[Aim of the exercise] Set down the lines below exactly as they stand, please. Go from the first through the one containing "x1 * y2 - y1".

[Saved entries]
(* Let $\mathbb{F}_q$ be a finite field and let $\mathcal{M}=\mathbb{F}_q\times\mathbb{F}_q^{*}\times\mathbb{F}_q$ with the relation: $(x_1,y_1,z_1)$ and $(x_2,y_2,z_2)$ commute iff $x_1y_2-y_1x_2=z_1-z_2$. Then: (1) every abelian subset of $\mathcal{M}$ has cardinality at most $q$; (2) there is no partition of $\mathcal{M}$ into fewer than $q(q-1)$ abelian subsets; (3) the maximum cardinality of an abelian subset of $\mathcal{M}$ that is not contained in a strictly larger abelian subset is $q$.
   Context: A subset of $\mathcal{M}$ is abelian if any two distinct elements of it commute. *)

theory Defs
  imports Main "HOL-Library.Disjoint_Sets" "HOL-Library.Cardinality"
begin

definition Mset :: "('a::{finite,field} \<times> 'a \<times> 'a) set" where
  "Mset = {(x, y, z). y \<noteq> 0}"

definition commutes :: "('a::{finite,field} \<times> 'a \<times> 'a) \<Rightarrow> ('a \<times> 'a \<times> 'a) \<Rightarrow> bool" where
  "commutes a b = (case a of (x1, y1, z1) \<Rightarrow> case b of (x2, y2, z2) \<Rightarrow>
      x1 * y2 - y1 * x2 = z1 - z2)"

definition abelian :: "('a::{finite,field} \<times> 'a \<times> 'a) set \<Rightarrow> bool" where
  "abelian S = (S \<subseteq> Mset \<and> (\<forall>a\<in>S. \<forall>b\<in>S. a \<noteq> b \<longrightarrow> commutes a b))"

definition maximal_abelian :: "('a::{finite,field} \<times> 'a \<times> 'a) set \<Rightarrow> bool" where
  "maximal_abelian S = (abelian S \<and> (\<forall>T. abelian T \<and> S \<subseteq> T \<longrightarrow> T = S))"

end

theory Submission
  imports Defs
begin

text \<open>Fix a point \<open>(x\<^sub>0, y\<^sub>0, z\<^sub>0)\<close> of an abelian set \<open>S\<close>. Commuting with it forces
  \<open>z = z\<^sub>0 - x\<^sub>0 y + y\<^sub>0 x\<close> for every \<open>(x, y, z) \<in> S\<close>; substituting this into the
  commutation relation of two further points shows that the vectors \<open>(x - x\<^sub>0, y - y\<^sub>0)\<close>
  have pairwise vanishing determinant, i.e. lie on one line through the origin of \<open>\<bbbF>\<^sub>q\<^sup>2\<close>.
  Since \<open>(x, y)\<close> determines \<open>z\<close>, this gives \<open>|S| \<le> q\<close>. Counting \<open>|\<M>| = q\<^sup>2(q - 1)\<close>
  bounds the size of a partition, and \<open>{(x, 1, x)}\<close> is an abelian set of size \<open>q\<close>,
  hence maximal.\<close>

lemma card_le_CARD_if_det_zero:
  fixes V :: "('a::{finite,field} \<times> 'a) set"
  assumes det: "\<And>u v. u \<in> V \<Longrightarrow> v \<in> V \<Longrightarrow> fst u * snd v = snd u * fst v"
  shows "card V \<le> CARD('a)"
proof (cases "V \<subseteq> {(0, 0)}")
  case True
  then have "card V \<le> 1" using card_mono[of "{(0, 0)}" V] by simp
  moreover have "1 \<le> CARD('a)" by (simp add: Suc_leI)
  ultimately show ?thesis by linarith
next
  case False
  then obtain a b where w: "(a, b) \<in> V" "(a, b) \<noteq> (0, 0)" by auto
  have "inj_on fst V \<or> inj_on snd V"
  proof (cases "a = 0")
    case False
    have "inj_on fst V"
    proof (rule inj_onI)
      fix u v assume "u \<in> V" "v \<in> V" "fst u = fst v"
      then have "a * snd u = a * snd v" using det[OF w(1) \<open>u \<in> V\<close>] det[OF w(1) \<open>v \<in> V\<close>] by simp
      with False \<open>fst u = fst v\<close> show "u = v" by (simp add: prod_eq_iff)
    qed
    then show ?thesis ..
  next
    case True
    with w(2) have "b \<noteq> 0" by simp
    have "inj_on snd V"
    proof (rule inj_onI)
      fix u v assume "u \<in> V" "v \<in> V" "snd u = snd v"
      then have "b * fst u = b * fst v"
        using det[OF w(1) \<open>u \<in> V\<close>] det[OF w(1) \<open>v \<in> V\<close>] True \<open>b \<noteq> 0\<close> by simp
      with \<open>b \<noteq> 0\<close> \<open>snd u = snd v\<close> show "u = v" by (simp add: prod_eq_iff)
    qed
    then show ?thesis ..
  qed
  then show ?thesis
    using card_image[of fst V] card_image[of snd V]
      card_mono[of UNIV "fst ` V"] card_mono[of UNIV "snd ` V"] by auto
qed

lemma commutes_refl: "commutes a a"
  by (cases a) (simp add: commutes_def mult.commute)

lemma abelian_commutes: "abelian S \<Longrightarrow> a \<in> S \<Longrightarrow> b \<in> S \<Longrightarrow> commutes a b"
  unfolding abelian_def by (metis commutes_refl)

lemma card_abelian_le:
  fixes S :: "('a::{finite,field} \<times> 'a \<times> 'a) set"
  assumes "abelian S"
  shows "card S \<le> CARD('a)"
proof (cases "S = {}")
  case False
  then obtain x\<^sub>0 y\<^sub>0 z\<^sub>0 where p\<^sub>0: "(x\<^sub>0, y\<^sub>0, z\<^sub>0) \<in> S" by auto
  have rel: "x * y' - y * x' = z - z'" if "(x, y, z) \<in> S" "(x', y', z') \<in> S" for x y z x' y' z'
    using abelian_commutes[OF assms that] by (simp add: commutes_def)
  have z_eq: "z = z\<^sub>0 - x\<^sub>0 * y + y\<^sub>0 * x" if "(x, y, z) \<in> S" for x y z
    using rel[OF p\<^sub>0 that] by (simp add: algebra_simps)
  define shift where "shift = (\<lambda>(x, y, z::'a). (x - x\<^sub>0, y - y\<^sub>0))"
  have "inj_on shift S"
  proof (rule inj_onI)
    fix p p' assume "p \<in> S" "p' \<in> S" "shift p = shift p'"
    moreover obtain x y z x' y' z' where pq: "p = (x, y, z)" "p' = (x', y', z')"
      by (metis prod_cases3)
    ultimately have "(x, y, z) \<in> S" "(x', y', z') \<in> S" "x = x'" "y = y'"
      by (simp_all add: shift_def)
    then show "p = p'" using pq z_eq[of x y z] z_eq[of x' y' z'] by simp
  qed
  moreover have "card (shift ` S) \<le> CARD('a)"
  proof (rule card_le_CARD_if_det_zero)
    fix u v assume "u \<in> shift ` S" "v \<in> shift ` S"
    then obtain x y z x' y' z' where p: "(x, y, z) \<in> S" and p': "(x', y', z') \<in> S"
      and uv: "u = shift (x, y, z)" "v = shift (x', y', z')"
      by (metis imageE prod_cases3)
    have "(x - x\<^sub>0) * (y' - y\<^sub>0) - (y - y\<^sub>0) * (x' - x\<^sub>0)
        = (x * y' - y * x') - ((z\<^sub>0 - x\<^sub>0 * y + y\<^sub>0 * x) - (z\<^sub>0 - x\<^sub>0 * y' + y\<^sub>0 * x'))"
      by (simp add: algebra_simps)
    also have "\<dots> = 0" using rel[OF p p'] z_eq[OF p] z_eq[OF p'] by simp
    finally show "fst u * snd v = snd u * fst v" by (simp add: uv shift_def)
  qed
  ultimately show ?thesis by (simp add: card_image)
qed simp

lemma card_Mset: "card (Mset :: ('a::{finite,field} \<times> 'a \<times> 'a) set) = CARD('a) * (CARD('a) - 1) * CARD('a)"
proof -
  have M: "{(x, y, z). (y::'a) \<noteq> 0} = UNIV \<times> (UNIV - {0}) \<times> UNIV"
    by auto
  show ?thesis unfolding Mset_def M by (simp add: card_cartesian_product card_Diff_singleton)
qed

lemma card_le_card_partition_mult:
  assumes "partition_on A P" "finite A" "\<And>S. S \<in> P \<Longrightarrow> card S \<le> k"
  shows "card A \<le> card P * k"
proof -
  have "card A = (\<Sum>S\<in>P. card S)"
    using assms(1,2) by (auto simp: partition_on_def intro: card_Union_disjoint finite_subset)
  also have "\<dots> \<le> card P * k" using sum_bounded_above[of P card k] assms(3) by simp
  finally show ?thesis .
qed

lemma maximal_abelian_if_card:
  fixes S :: "('a::{finite,field} \<times> 'a \<times> 'a) set"
  assumes "abelian S" "card S = CARD('a)"
  shows "maximal_abelian S"
  unfolding maximal_abelian_def
proof (intro conjI allI impI assms(1))
  fix T :: "('a \<times> 'a \<times> 'a) set" assume "abelian T \<and> S \<subseteq> T"
  then show "T = S" using card_abelian_le[of T] assms(2) by (intro card_seteq[symmetric]) auto
qed

lemma abelian_diagonal: "abelian ((\<lambda>x. (x, 1, x)) ` (UNIV :: 'a::{finite,field} set))"
  by (auto simp: abelian_def commutes_def Mset_def)

theorem theorem6p6:
  shows "(\<forall>S :: ('a::{finite,field} \<times> 'a \<times> 'a) set. abelian S \<longrightarrow> card S \<le> CARD('a))
    \<and> (\<forall>P :: ('a \<times> 'a \<times> 'a) set set. partition_on Mset P \<and> (\<forall>S\<in>P. abelian S)
          \<longrightarrow> CARD('a) * (CARD('a) - 1) \<le> card P)
    \<and> (\<exists>S :: ('a \<times> 'a \<times> 'a) set. maximal_abelian S \<and> card S = CARD('a))
    \<and> (\<forall>S :: ('a \<times> 'a \<times> 'a) set. maximal_abelian S \<longrightarrow> card S \<le> CARD('a))"
proof (intro conjI allI impI)
  fix P :: "('a \<times> 'a \<times> 'a) set set"
  assume "partition_on Mset P \<and> (\<forall>S\<in>P. abelian S)"
  then have "card (Mset :: ('a \<times> 'a \<times> 'a) set) \<le> card P * CARD('a)"
    by (intro card_le_card_partition_mult) (auto intro: card_abelian_le)
  then show "CARD('a) * (CARD('a) - 1) \<le> card P" by (simp add: card_Mset)
next
  let ?D = "(\<lambda>x. (x, 1, x)) ` (UNIV :: 'a set)"
  have "card ?D = CARD('a)" by (subst card_image) (auto simp: inj_on_def)
  then show "\<exists>S :: ('a \<times> 'a \<times> 'a) set. maximal_abelian S \<and> card S = CARD('a)"
    using maximal_abelian_if_card[OF abelian_diagonal] by blast
qed (auto simp: maximal_abelian_def card_abelian_le)

end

[Answer below]
(* Let $\mathbb{F}_q$ be a finite field and let $\mathcal{M}=\mathbb{F}_q\times\mathbb{F}_q^{*}\times\mathbb{F}_q$ with the relation: $(x_1,y_1,z_1)$ and $(x_2,y_2,z_2)$ commute iff $x_1y_2-y_1x_2=z_1-z_2$. Then: (1) every abelian subset of $\mathcal{M}$ has cardinality at most $q$; (2) there is no partition of $\mathcal{M}$ into fewer than $q(q-1)$ abelian subsets; (3) the maximum cardinality of an abelian subset of $\mathcal{M}$ that is not contained in a strictly larger abelian subset is $q$.
   Context: A subset of $\mathcal{M}$ is abelian if any two distinct elements of it commute. *)

theory Defs
  imports Main "HOL-Library.Disjoint_Sets" "HOL-Library.Cardinality"
begin

definition Mset :: "('a::{finite,field} \<times> 'a \<times> 'a) set" where
  "Mset = {(x, y, z). y \<noteq> 0}"

definition commutes :: "('a::{finite,field} \<times> 'a \<times> 'a) \<Rightarrow> ('a \<times> 'a \<times> 'a) \<Rightarrow> bool" where
  "commutes a b = (case a of (x1, y1, z1) \<Rightarrow> case b of (x2, y2, z2) \<Rightarrow>
      x1 * y2 - y1 * x2 = z1 - z2)"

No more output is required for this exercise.